Start of DATA FOR REVIEW

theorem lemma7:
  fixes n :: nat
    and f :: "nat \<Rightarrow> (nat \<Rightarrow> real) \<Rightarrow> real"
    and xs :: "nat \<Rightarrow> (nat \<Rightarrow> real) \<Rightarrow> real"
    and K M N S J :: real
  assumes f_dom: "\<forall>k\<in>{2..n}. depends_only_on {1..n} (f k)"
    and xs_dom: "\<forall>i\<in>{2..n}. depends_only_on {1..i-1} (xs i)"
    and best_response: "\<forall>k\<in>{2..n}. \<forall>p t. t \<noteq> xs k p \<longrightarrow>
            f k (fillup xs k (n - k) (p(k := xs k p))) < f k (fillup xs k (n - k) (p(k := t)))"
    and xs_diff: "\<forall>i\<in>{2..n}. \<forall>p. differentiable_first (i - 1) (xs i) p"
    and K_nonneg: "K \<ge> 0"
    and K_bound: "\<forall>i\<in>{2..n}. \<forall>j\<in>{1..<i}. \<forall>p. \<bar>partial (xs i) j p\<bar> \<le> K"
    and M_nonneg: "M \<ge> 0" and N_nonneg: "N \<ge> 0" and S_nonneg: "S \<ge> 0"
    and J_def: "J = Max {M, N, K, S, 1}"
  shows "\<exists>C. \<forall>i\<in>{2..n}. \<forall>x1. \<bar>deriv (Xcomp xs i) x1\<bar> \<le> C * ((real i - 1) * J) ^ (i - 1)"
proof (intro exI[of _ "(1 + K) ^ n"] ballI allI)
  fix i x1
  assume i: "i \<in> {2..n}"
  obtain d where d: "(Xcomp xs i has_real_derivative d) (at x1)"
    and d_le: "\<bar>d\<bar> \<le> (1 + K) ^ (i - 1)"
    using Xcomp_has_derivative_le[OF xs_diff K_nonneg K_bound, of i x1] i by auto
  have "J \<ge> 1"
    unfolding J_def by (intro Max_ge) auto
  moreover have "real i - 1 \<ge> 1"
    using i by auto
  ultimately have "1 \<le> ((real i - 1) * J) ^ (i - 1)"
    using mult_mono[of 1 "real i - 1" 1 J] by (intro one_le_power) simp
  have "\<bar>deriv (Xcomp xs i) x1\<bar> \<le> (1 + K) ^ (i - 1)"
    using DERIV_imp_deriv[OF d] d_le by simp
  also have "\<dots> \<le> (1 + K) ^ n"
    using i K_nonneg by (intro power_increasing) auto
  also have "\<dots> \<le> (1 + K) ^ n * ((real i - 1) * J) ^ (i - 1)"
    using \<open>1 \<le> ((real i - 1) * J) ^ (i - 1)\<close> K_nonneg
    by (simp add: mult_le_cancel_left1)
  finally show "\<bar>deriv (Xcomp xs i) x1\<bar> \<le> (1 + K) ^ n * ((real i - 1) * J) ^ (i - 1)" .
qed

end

End of DATA FOR REVIEW

(PROBLEM TO WORK ON)
From the records above, extract every line exactly as it stands.

(TASK ANSWER)
theorem lemma7:
  fixes n :: nat
    and f :: "nat \<Rightarrow> (nat \<Rightarrow> real) \<Rightarrow> real"
    and xs :: "nat \<Rightarrow> (nat \<Rightarrow> real) \<Rightarrow> real"
    and K M N S J :: real
  assumes f_dom: "\<forall>k\<in>{2..n}. depends_only_on {1..n} (f k)"
    and xs_dom: "\<forall>i\<in>{2..n}. depends_only_on {1..i-1} (xs i)"
    and best_response: "\<forall>k\<in>{2..n}. \<forall>p t. t \<noteq> xs k p \<longrightarrow>
            f k (fillup xs k (n - k) (p(k := xs k p))) < f k (fillup xs k (n - k) (p(k := t)))"
    and xs_diff: "\<forall>i\<in>{2..n}. \<forall>p. differentiable_first (i - 1) (xs i) p"
    and K_nonneg: "K \<ge> 0"
    and K_bound: "\<forall>i\<in>{2..n}. \<forall>j\<in>{1..<i}. \<forall>p. \<bar>partial (xs i) j p\<bar> \<le> K"
    and M_nonneg: "M \<ge> 0" and N_nonneg: "N \<ge> 0" and S_nonneg: "S \<ge> 0"
    and J_def: "J = Max {M, N, K, S, 1}"
  shows "\<exists>C. \<forall>i\<in>{2..n}. \<forall>x1. \<bar>deriv (Xcomp xs i) x1\<bar> \<le> C * ((real i - 1) * J) ^ (i - 1)"
proof (intro exI[of _ "(1 + K) ^ n"] ballI allI)
  fix i x1
  assume i: "i \<in> {2..n}"
  obtain d where d: "(Xcomp xs i has_real_derivative d) (at x1)"
    and d_le: "\<bar>d\<bar> \<le> (1 + K) ^ (i - 1)"
    using Xcomp_has_derivative_le[OF xs_diff K_nonneg K_bound, of i x1] i by auto
  have "J \<ge> 1"
    unfolding J_def by (intro Max_ge) auto
  moreover have "real i - 1 \<ge> 1"
    using i by auto
  ultimately have "1 \<le> ((real i - 1) * J) ^ (i - 1)"
    using mult_mono[of 1 "real i - 1" 1 J] by (intro one_le_power) simp
  have "\<bar>deriv (Xcomp xs i) x1\<bar> \<le> (1 + K) ^ (i - 1)"
    using DERIV_imp_deriv[OF d] d_le by simp
  also have "\<dots> \<le> (1 + K) ^ n"
    using i K_nonneg by (intro power_increasing) auto
  also have "\<dots> \<le> (1 + K) ^ n * ((real i - 1) * J) ^ (i - 1)"
    using \<open>1 \<le> ((real i - 1) * J) ^ (i - 1)\<close> K_nonneg
    by (simp add: mult_le_cancel_left1)
  finally show "\<bar>deriv (Xcomp xs i) x1\<bar> \<le> (1 + K) ^ n * ((real i - 1) * J) ^ (i - 1)" .
qed

end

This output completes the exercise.